Every line in the data below that holds "interior" should be found and copied.

═════ Given data ═════

(* Fix constants $\mu>0$, $\beta_0>0$, $\gamma_0>0$ and effectiveness parameters $\beta_e\ge 0$, $\gamma_e\ge 0$. Let $F_{\beta_0}:[0,1]\to(0,\infty)$, $u\mapsto F_{\beta_0}(u)$, be a transmission-rate production function and $F_{\gamma_0}$, $u\mapsto F_{\gamma_0}(1-u)$, a recovery-rate production function, where $F_{\beta_0}$ is a strictly decreasing function of $u$ and $F_{\gamma_0}(1-u)$ is a strictly increasing function of $1-u$, both positive on $[0,1]$ and twice differentiable on $(0,1)$. Suppose that each of $F_{\beta_0}$ and $F_{\gamma_0}$ has either increasing or constant returns to scale (in the sense defined in the context; the two may be of different types). Define $$\mathcal{R}_0^c(u)=\frac{F_{\beta_0}(u)}{F_{\gamma_0}(1-u)+\mu},\qquad I^*(u)=\mu\left(\frac{1}{F_{\gamma_0}(1-u)+\mu}-\frac{1}{F_{\beta_0}(u)}\right),$$ and suppose $\mathcal{R}_0^c(u)>1$ for all $u\in[0,1]$ (the region of the asymptotically stable endemic state). Then the minimum of $I^*$ over $[0,1]$ is not attained at any point of $(0,1)$; i.e., the optimal fraction of resources $u^*_{\rm long}$ minimizing $I^*$ takes only the extreme values $0$ or $1$. Moreover, for given $\beta_e,\gamma_e$, the optimal fraction $u^*_{\rm long}$ is the same for all these combinations of return types (increasing/increasing, constant/constant, increasing/constant, constant/increasing), provided the production functions of different return types agree at the endpoints as described in the context.
   Context: This is a Susceptible–Infected–Recovered model $S'=\mu-F_{\beta_0}(u)SI-\mu S$, $I'=F_{\beta_0}(u)SI-F_{\gamma_0}(1-u)I-\mu I$, $R'=F_{\gamma_0}(1-u)I-\mu R$, where a fraction $u\in[0,1]$ of a fixed budget is invested in transmission reduction and $1-u$ in recovery improvement; the baseline transmission and recovery rates are $\beta_0$ and $\gamma_0$, and $\beta_e,\gamma_e$ measure the effectiveness of the two interventions. When $\mathcal{R}_0^c>1$ the endemic equilibrium has infected fraction $I^*=\frac{\mu}{F_{\beta_0}}(\mathcal{R}_0^c-1)$, which equals the formula in the claim. Returns to scale: $F_{\beta_0}$ has constant returns if it is linear (decreasing) in $u$, and increasing returns if it is concave and decreasing in $u$ ($F_{\beta_0}'<0$, $F_{\beta_0}''\le 0$); $F_{\gamma_0}(1-u)$ has constant returns if it is linear (increasing) in $1-u$, and increasing returns if it is convex and increasing in $1-u$ (equivalently, as a function of $u$: $\frac{d}{du}F_{\gamma_0}(1-u)<0$, $\frac{d^2}{du^2}F_{\gamma_0}(1-u)\ge 0$). For fixed $\beta_e,\gamma_e$, the production functions of the different return types for $F_{\beta_0}$ are assumed to take identical values at $u=0$ and at $u=1$, and likewise for $F_{\gamma_0}$ (e.g. $F_{\beta_0}(u)=\beta_0(1-\frac{\beta_e u^2}{1+\beta_e})$ or $\beta_0(1-\frac{\beta_e u}{1+\beta_e})$, and $F_{\gamma_0}(1-u)=\gamma_0(1+\gamma_e)^{1-u}$ or $\gamma_0(1+\gamma_e(1-u))$). *)

theory Defs
  imports "HOL-Analysis.Analysis"
begin

text \<open>F stands for the transmission production function u \<mapsto> F_beta0(u);
 Fg stands for the recovery production function F_gamma0, applied as Fg (1 - u).\<close>

definition twice_diff_on :: "(real \<Rightarrow> real) \<Rightarrow> real set \<Rightarrow> bool" where
  "twice_diff_on f S \<longleftrightarrow> (\<forall>x\<in>S. f differentiable (at x) \<and> deriv f differentiable (at x))"

definition trans_constant_returns :: "(real \<Rightarrow> real) \<Rightarrow> bool" where
  "trans_constant_returns F \<longleftrightarrow> (\<exists>a b. b < 0 \<and> (\<forall>u\<in>{0..1}. F u = a + b * u))"

definition trans_increasing_returns :: "(real \<Rightarrow> real) \<Rightarrow> bool" where
  "trans_increasing_returns F \<longleftrightarrow>
     (\<forall>u\<in>{0<..<1}. deriv F u < 0 \<and> deriv (deriv F) u \<le> 0)"

definition recov_constant_returns :: "(real \<Rightarrow> real) \<Rightarrow> bool" where
  "recov_constant_returns Fg \<longleftrightarrow> (\<exists>a b. b > 0 \<and> (\<forall>u\<in>{0..1}. Fg (1 - u) = a + b * (1 - u)))"

definition recov_increasing_returns :: "(real \<Rightarrow> real) \<Rightarrow> bool" where
  "recov_increasing_returns Fg \<longleftrightarrow>
     (\<forall>u\<in>{0<..<1}. deriv (\<lambda>x. Fg (1 - x)) u < 0 \<and> deriv (deriv (\<lambda>x. Fg (1 - x))) u \<ge> 0)"

definition admissible_transmission :: "(real \<Rightarrow> real) \<Rightarrow> bool" where
  "admissible_transmission F \<longleftrightarrow>
     (\<forall>u\<in>{0..1}. F u > 0) \<and>
     (\<forall>u\<in>{0..1}. \<forall>v\<in>{0..1}. u < v \<longrightarrow> F v < F u) \<and>
     continuous_on {0..1} F \<and> twice_diff_on F {0<..<1} \<and>
     (trans_increasing_returns F \<or> trans_constant_returns F)"

definition admissible_recovery :: "(real \<Rightarrow> real) \<Rightarrow> bool" where
  "admissible_recovery Fg \<longleftrightarrow>
     (\<forall>u\<in>{0..1}. Fg (1 - u) > 0) \<and>
     (\<forall>u\<in>{0..1}. \<forall>v\<in>{0..1}. (1 - u) < (1 - v) \<longrightarrow> Fg (1 - u) < Fg (1 - v)) \<and>
     continuous_on {0..1} (\<lambda>u. Fg (1 - u)) \<and> twice_diff_on (\<lambda>u. Fg (1 - u)) {0<..<1} \<and>
     (recov_increasing_returns Fg \<or> recov_constant_returns Fg)"

definition R0c :: "real \<Rightarrow> (real \<Rightarrow> real) \<Rightarrow> (real \<Rightarrow> real) \<Rightarrow> real \<Rightarrow> real" where
  "R0c \<mu> F Fg u = F u / (Fg (1 - u) + \<mu>)"

definition Istar :: "real \<Rightarrow> (real \<Rightarrow> real) \<Rightarrow> (real \<Rightarrow> real) \<Rightarrow> real \<Rightarrow> real" where
  "Istar \<mu> F Fg u = \<mu> * (1 / (Fg (1 - u) + \<mu>) - 1 / F u)"

definition opt_long :: "real \<Rightarrow> (real \<Rightarrow> real) \<Rightarrow> (real \<Rightarrow> real) \<Rightarrow> real set" where
  "opt_long \<mu> F Fg = {u\<in>{0..1}. \<forall>v\<in>{0..1}. Istar \<mu> F Fg u \<le> Istar \<mu> F Fg v}"

end

theory Submission
  imports Defs
begin

text \<open>
  Write \<open>I* = \<mu> (1/Q - 1/P)\<close> with \<open>P = F_\<beta>0(u)\<close> and \<open>Q = F_\<gamma>0(1-u) + \<mu>\<close>, so that
  \<open>R0c > 1\<close> means \<open>Q < P\<close>. Both returns-to-scale types give \<open>P' < 0, P'' \<le> 0\<close> and
  \<open>Q' < 0, Q'' \<ge> 0\<close>. At an interior critical point \<open>P'/P^2 = Q'/Q^2 = c \<noteq> 0\<close>, and then
  \<open>(1/Q - 1/P)'' = P''/P^2 - Q''/Q^2 + 2c^2 (Q - P) < 0\<close>, so no interior point minimises \<open>I*\<close>.
  By continuity the minimum over \<open>[0,1]\<close> is attained, hence at \<open>0\<close> or \<open>1\<close>, and which endpoint
  wins depends only on the values of the production functions at the endpoints.
\<close>

lemma DERIV_local_min_nhds:
  fixes f :: "real \<Rightarrow> real"
  assumes "(f has_real_derivative l) (at x)" and "\<forall>\<^sub>F y in nhds x. f x \<le> f y"
  shows "l = 0"
proof -
  obtain d where "d > 0" and "\<And>y. dist y x < d \<Longrightarrow> f x \<le> f y"
    using assms(2) unfolding eventually_nhds_metric by blast
  then show ?thesis
    by (intro DERIV_local_min[OF assms(1), of d]) (auto simp: dist_real_def abs_minus_commute)
qed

═════

[Written solution]:
  \<open>Q' < 0, Q'' \<ge> 0\<close>. At an interior critical point \<open>P'/P^2 = Q'/Q^2 = c \<noteq> 0\<close>, and then
  \<open>(1/Q - 1/P)'' = P''/P^2 - Q''/Q^2 + 2c^2 (Q - P) < 0\<close>, so no interior point minimises \<open>I*\<close>.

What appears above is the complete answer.